Methods: Systematic review and meta-analysis: We included studies measuring blood pressure or heart rate from healthy pregnant women within defined gestational periods of sixteen-weeks or less. We analysed systolic blood pressure, diastolic blood pressure and heart rate by gestational age. We assessed effects of measurement year and method.

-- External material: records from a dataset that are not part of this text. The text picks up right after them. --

text \<open>Every f with |f| nonincreasing and bounded by 1 has a level decomposition:
  X i is the superlevel set of |f| at the i-th value, \<alpha> i the gap to the next.\<close>

lemma level_decomp_exists:
  fixes f :: "'a::{finite,bounded_lattice} \<Rightarrow> real"
  assumes anti: "abs_nonincr f" and bound: "\<And>j. j \<in> JI \<Longrightarrow> \<bar>f j\<bar> \<le> 1"
  shows "\<exists>p X \<alpha>. level_decomp f p X \<alpha>"
proof -
  obtain p c where c0: "c 0 = 1" and cp: "c (Suc p) = 0"
    and cdec: "\<And>i k. i < k \<Longrightarrow> k \<le> Suc p \<Longrightarrow> c k < c i"
    and attained: "\<And>i. 0 < i \<Longrightarrow> i \<le> p \<Longrightarrow> c i \<in> (\<lambda>j. \<bar>f j\<bar>) ` JI"
    and value_index: "\<And>j. j \<in> JI \<Longrightarrow> \<exists>k\<le>Suc p. \<bar>f j\<bar> = c k"
    by (rule descending_values[of JI "\<lambda>j. \<bar>f j\<bar>"]) (use bound in auto)
  have c_le_iff: "c i \<le> c k \<longleftrightarrow> k \<le> i" if "i \<le> Suc p" "k \<le> Suc p" for i k
    using cdec[of i k] cdec[of k i] that by (cases i k rule: linorder_cases) auto
  define X where "X i = {j \<in> JI. c i \<le> \<bar>f j\<bar>}" for i
  define \<alpha> where "\<alpha> i = c i - c (Suc i)" for i
  have "level_decomp f p X \<alpha>"
    unfolding level_decomp_def
  proof (intro conjI allI impI ballI)
    fix i
    show "downsetJ (X i)"
      using anti by (auto simp: downsetJ_def X_def abs_nonincr_def intro: order.trans)
    assume i: "i < p"
    obtain j where j: "j \<in> JI" "\<bar>f j\<bar> = c (Suc i)" using attained[of "Suc i"] i by auto
    have "j \<in> X (Suc i) - X i" using j cdec[of i "Suc i"] i by (auto simp: X_def)
    moreover have "X i \<subseteq> X (Suc i)" using cdec[of i "Suc i"] i by (auto simp: X_def)
    ultimately show "X i \<subset> X (Suc i)" by blast
  next
    fix i assume "i \<le> p"
    then show "\<alpha> i > 0" using cdec[of i "Suc i"] by (simp add: \<alpha>_def)
  next
    show "(\<Sum>i\<le>p. \<alpha> i) = 1"
      using sum_telescope[of "\<lambda>i. c i" p] c0 cp by (simp add: \<alpha>_def)
  next
    fix j :: 'a assume "j \<in> JI"
    then obtain k where k: "k \<le> Suc p" "\<bar>f j\<bar> = c k" using value_index by blast
    have "(\<Sum>i\<le>p. \<alpha> i * indicator (X i) j) = (\<Sum>i\<le>p. if k \<le> i then c i - c (Suc i) else 0)"
      using \<open>j \<in> JI\<close> k c_le_iff by (intro sum.cong) (auto simp: X_def \<alpha>_def indicator_def)
    also have "\<dots> = (\<Sum>i\<in>{k..p}. c i - c (Suc i))"
    proof -
      have "{i\<in>{..p}. k \<le> i} = {k..p}" by auto
      then show ?thesis by (simp add: sum.inter_filter[symmetric])
    qed
    also have "\<dots> = c k - c (Suc p)"
      using sum_Suc_diff[of k p "\<lambda>i. - c i"] k by simp
    finally show "\<bar>f j\<bar> = (\<Sum>i\<le>p. \<alpha> i * indicator (X i) j)" using k cp by simp
  qed
  then show ?thesis by blast
qed

text \<open>The total weight of the
  levels X i with \<open>S \<subseteq> X i \<inter> P\<close> and \<open>T \<subseteq> X i \<inter> N\<close> is
  \<open>min (min f\<^sup>+ on S) (min f\<^sup>- on T)\<close>: if S meets N or T meets P both sides
  vanish, otherwise this is the minimum of |f| on S \<union> T.\<close>

lemma signed_level_weight:
  fixes f :: "'b \<Rightarrow> real" and X :: "nat \<Rightarrow> 'b set" and \<alpha> :: "nat \<Rightarrow> real"
  assumes chain: "\<And>i i'. i \<le> i' \<Longrightarrow> i' \<le> p \<Longrightarrow> X i \<subseteq> X i'"
    and apos: "\<And>i. i \<le> p \<Longrightarrow> \<alpha> i \<ge> 0" and asum: "(\<Sum>i\<le>p. \<alpha> i) = 1"
    and fin: "finite J"
    and hv: "\<And>j. j \<in> J \<Longrightarrow> \<bar>f j\<bar> = (\<Sum>i\<le>p. \<alpha> i * indicator (X i) j)"
    and split: "P \<union> N = J" and pos: "\<And>j. j \<in> P \<Longrightarrow> f j \<ge> 0"
    and neg: "\<And>j. j \<in> N \<Longrightarrow> f j \<le> 0"
    and ST: "S \<subseteq> J" "T \<subseteq> J"
  shows "(\<Sum>i\<le>p. \<alpha> i * (if S \<subseteq> X i \<inter> P \<and> T \<subseteq> X i \<inter> N then 1 else 0)) =
    min (min1 S (\<lambda>j. max (f j) 0)) (min1 T (\<lambda>j. max (- f j) 0))"
proof (cases "S \<subseteq> P \<and> T \<subseteq> N")
  case True
  have bound: "\<bar>f j\<bar> \<le> 1" if "j \<in> J" for j
  proof -
    have "(\<Sum>i\<le>p. \<alpha> i * indicator (X i) j) \<le> (\<Sum>i\<le>p. \<alpha> i)"
      by (rule sum_mono) (use apos in \<open>auto simp: indicator_def\<close>)
    then show ?thesis using hv[OF that] asum by simp
  qed
  have fin_ST: "finite S" "finite T" using ST fin finite_subset by auto
  have "(\<Sum>i\<le>p. \<alpha> i * (if S \<subseteq> X i \<inter> P \<and> T \<subseteq> X i \<inter> N then 1 else 0)) =
      (\<Sum>i\<le>p. \<alpha> i * (if S \<union> T \<subseteq> X i then 1 else 0))"
    using True by (intro sum.cong) auto
  also have "\<dots> = min1 (S \<union> T) (\<lambda>j. \<bar>f j\<bar>)"
    using ST fin_ST by (intro level_sum_min1[OF chain apos asum]) (auto intro: hv)
  also have "\<dots> = min (min1 S (\<lambda>j. \<bar>f j\<bar>)) (min1 T (\<lambda>j. \<bar>f j\<bar>))"
    using ST fin_ST bound by (intro min1_Un) auto
  also have "min1 S (\<lambda>j. \<bar>f j\<bar>) = min1 S (\<lambda>j. max (f j) 0)"
    using True pos by (intro min1_cong) auto
  also have "min1 T (\<lambda>j. \<bar>f j\<bar>) = min1 T (\<lambda>j. max (- f j) 0)"
    using True neg by (intro min1_cong) auto
  finally show ?thesis .
next
  case False
  have fin_ST: "finite S" "finite T" using ST fin finite_subset by auto
  have "(\<Sum>i\<le>p. \<alpha> i * (if S \<subseteq> X i \<inter> P \<and> T \<subseteq> X i \<inter> N then 1 else 0)) = 0"
    using False by (intro sum.neutral) auto
  moreover have "min1 S (\<lambda>j. max (f j) 0) = 0 \<or> min1 T (\<lambda>j. max (- f j) 0) = 0"
  proof (cases "S \<subseteq> P")
    case True
    with False obtain j where "j \<in> T" "j \<in> P" using ST split by blast
    then have "min1 T (\<lambda>j. max (- f j) 0) = 0"
      using pos fin_ST by (intro min1_zero[of _ _ j]) auto
    then show ?thesis ..
  next
    case False
    then obtain j where "j \<in> S" "j \<in> N" using ST split by blast
    then have "min1 S (\<lambda>j. max (f j) 0) = 0"
      using neg fin_ST by (intro min1_zero[of _ _ j]) auto
    then show ?thesis ..
  qed
  moreover have "min1 S (\<lambda>j. max (f j) 0) \<ge> 0" "min1 T (\<lambda>j. max (- f j) 0) \<ge> 0"
    using fin_ST by (auto intro: min1_nonneg)
  ultimately show ?thesis by linarith
qed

Results: We included 39 studies undertaken 1967-2017, containing 124,349 systolic measurements from 36,239 women, 124,291 diastolic measurements from 36,181 women and 10,948 heart rate measurements from 8317 women. Mean (95% CI) systolic blood pressure was lowest at 10 weeks gestation, 110.4 (108.5, 112.3) mmHg, rising to 116.0 (113.6, 118.4) mmHg at 40 weeks, mean (95% CI) change 5.6 (4.0, 7.2) mmHg. Mean (95% CI) diastolic blood pressure was lowest at 21 weeks gestation, 65.9 (64.2, 67.7) mmHg; rising to 72.8 (71.0, 74.6) mmHg at 40 weeks, mean (95% CI) change 6.9 (6.2, 7.5) mmHg. Mean (95% CI) heart rate rose from 79.3 (75.5, 83.1) beats/min at 10 weeks to 86.9 (82.2, 91.6) beats/min at 40 weeks gestation, mean (95% CI) change 7.6 (1.8, 13.4) beats/min. Studies using manual measurement reported higher diastolic blood pressures than studies using automated measurement, mean (95 CI) difference 4.9 (0.8, 8.9) mmHg. Diastolic blood pressure increased by 0.26 (95% CI 0.10-0.43) mmHg /year. Including only higher quality studies had little effect on findings, with heterogeneity remaining high (I2 statistic >50%).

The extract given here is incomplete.